(Problem details): Repeat the records. Each line must match exactly.

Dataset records
↓↓↓

lemma unit_circle_chord_side_eq_0:
  fixes z p q :: complex
  assumes "cmod z = 1" "cmod p = 1" "cmod q = 1" "p \<noteq> q" and "chord_side p q z = 0"
  shows "z = p \<or> z = q"
proof -
  define v where "v = q - p"
  have v0: "v \<noteq> 0" using assms(4) v_def by auto
  define s where "s = Re ((z - p) * cnj v) / (cmod v)\<^sup>2"
  have real: "(z - p) * cnj v = of_real (Re ((z - p) * cnj v))"
    using assms(5) v_def by (simp add: chord_side_def complex_eq_iff)
  have zs: "z - p = of_real s * v"
  proof -
    have "(z - p) * of_real ((cmod v)\<^sup>2) = of_real (Re ((z - p) * cnj v)) * v"
      using real by (metis complex_norm_square mult.assoc mult.commute of_real_power)
    thus ?thesis using v0 unfolding s_def by (simp add: field_simps)
  qed
  have norm2: "(cmod w)\<^sup>2 = (Re w)\<^sup>2 + (Im w)\<^sup>2" for w :: complex
    by (simp add: cmod_def)
  have hp: "(Re p)\<^sup>2 + (Im p)\<^sup>2 = 1" using assms(2) norm2[of p] by simp
  have hq: "(Re p + Re v)\<^sup>2 + (Im p + Im v)\<^sup>2 = 1" using assms(3) norm2[of q] v_def by simp
  have hz: "(Re p + s * Re v)\<^sup>2 + (Im p + s * Im v)\<^sup>2 = 1"
    using assms(1) zs norm2[of z] by (simp add: algebra_simps)
  have vpos: "(Re v)\<^sup>2 + (Im v)\<^sup>2 > 0"
    using v0 by (simp add: complex_eq_iff sum_power2_gt_zero_iff)
  have pv: "2 * (Re p * Re v + Im p * Im v) = - ((Re v)\<^sup>2 + (Im v)\<^sup>2)"
    using hp hq by (simp add: power2_eq_square algebra_simps)
  have "s\<^sup>2 * ((Re v)\<^sup>2 + (Im v)\<^sup>2) + s * (2 * (Re p * Re v + Im p * Im v)) = 0"
    using hp hz by (simp add: power2_eq_square algebra_simps)
  hence "s * (s - 1) * ((Re v)\<^sup>2 + (Im v)\<^sup>2) = 0"
    unfolding pv by (simp add: power2_eq_square algebra_simps)
  hence "s = 0 \<or> s = 1" using vpos by auto
  thus ?thesis using zs v_def by auto
qed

↑↑↑

(Exercise solution):
lemma unit_circle_chord_side_eq_0:
  fixes z p q :: complex
  assumes "cmod z = 1" "cmod p = 1" "cmod q = 1" "p \<noteq> q" and "chord_side p q z = 0"
  shows "z = p \<or> z = q"
proof -
  define v where "v = q - p"
  have v0: "v \<noteq> 0" using assms(4) v_def by auto
  define s where "s = Re ((z - p) * cnj v) / (cmod v)\<^sup>2"
  have real: "(z - p) * cnj v = of_real (Re ((z - p) * cnj v))"
    using assms(5) v_def by (simp add: chord_side_def complex_eq_iff)
  have zs: "z - p = of_real s * v"
  proof -
    have "(z - p) * of_real ((cmod v)\<^sup>2) = of_real (Re ((z - p) * cnj v)) * v"
      using real by (metis complex_norm_square mult.assoc mult.commute of_real_power)
    thus ?thesis using v0 unfolding s_def by (simp add: field_simps)
  qed
  have norm2: "(cmod w)\<^sup>2 = (Re w)\<^sup>2 + (Im w)\<^sup>2" for w :: complex
    by (simp add: cmod_def)
  have hp: "(Re p)\<^sup>2 + (Im p)\<^sup>2 = 1" using assms(2) norm2[of p] by simp
  have hq: "(Re p + Re v)\<^sup>2 + (Im p + Im v)\<^sup>2 = 1" using assms(3) norm2[of q] v_def by simp
  have hz: "(Re p + s * Re v)\<^sup>2 + (Im p + s * Im v)\<^sup>2 = 1"
    using assms(1) zs norm2[of z] by (simp add: algebra_simps)
  have vpos: "(Re v)\<^sup>2 + (Im v)\<^sup>2 > 0"
    using v0 by (simp add: complex_eq_iff sum_power2_gt_zero_iff)
  have pv: "2 * (Re p * Re v + Im p * Im v) = - ((Re v)\<^sup>2 + (Im v)\<^sup>2)"
    using hp hq by (simp add: power2_eq_square algebra_simps)
  have "s\<^sup>2 * ((Re v)\<^sup>2 + (Im v)\<^sup>2) + s * (2 * (Re p * Re v + Im p * Im v)) = 0"
    using hp hz by (simp add: power2_eq_square algebra_simps)
  hence "s * (s - 1) * ((Re v)\<^sup>2 + (Im v)\<^sup>2) = 0"
    unfolding pv by (simp add: power2_eq_square algebra_simps)
  hence "s = 0 \<or> s = 1" using vpos by auto
  thus ?thesis using zs v_def by auto
qed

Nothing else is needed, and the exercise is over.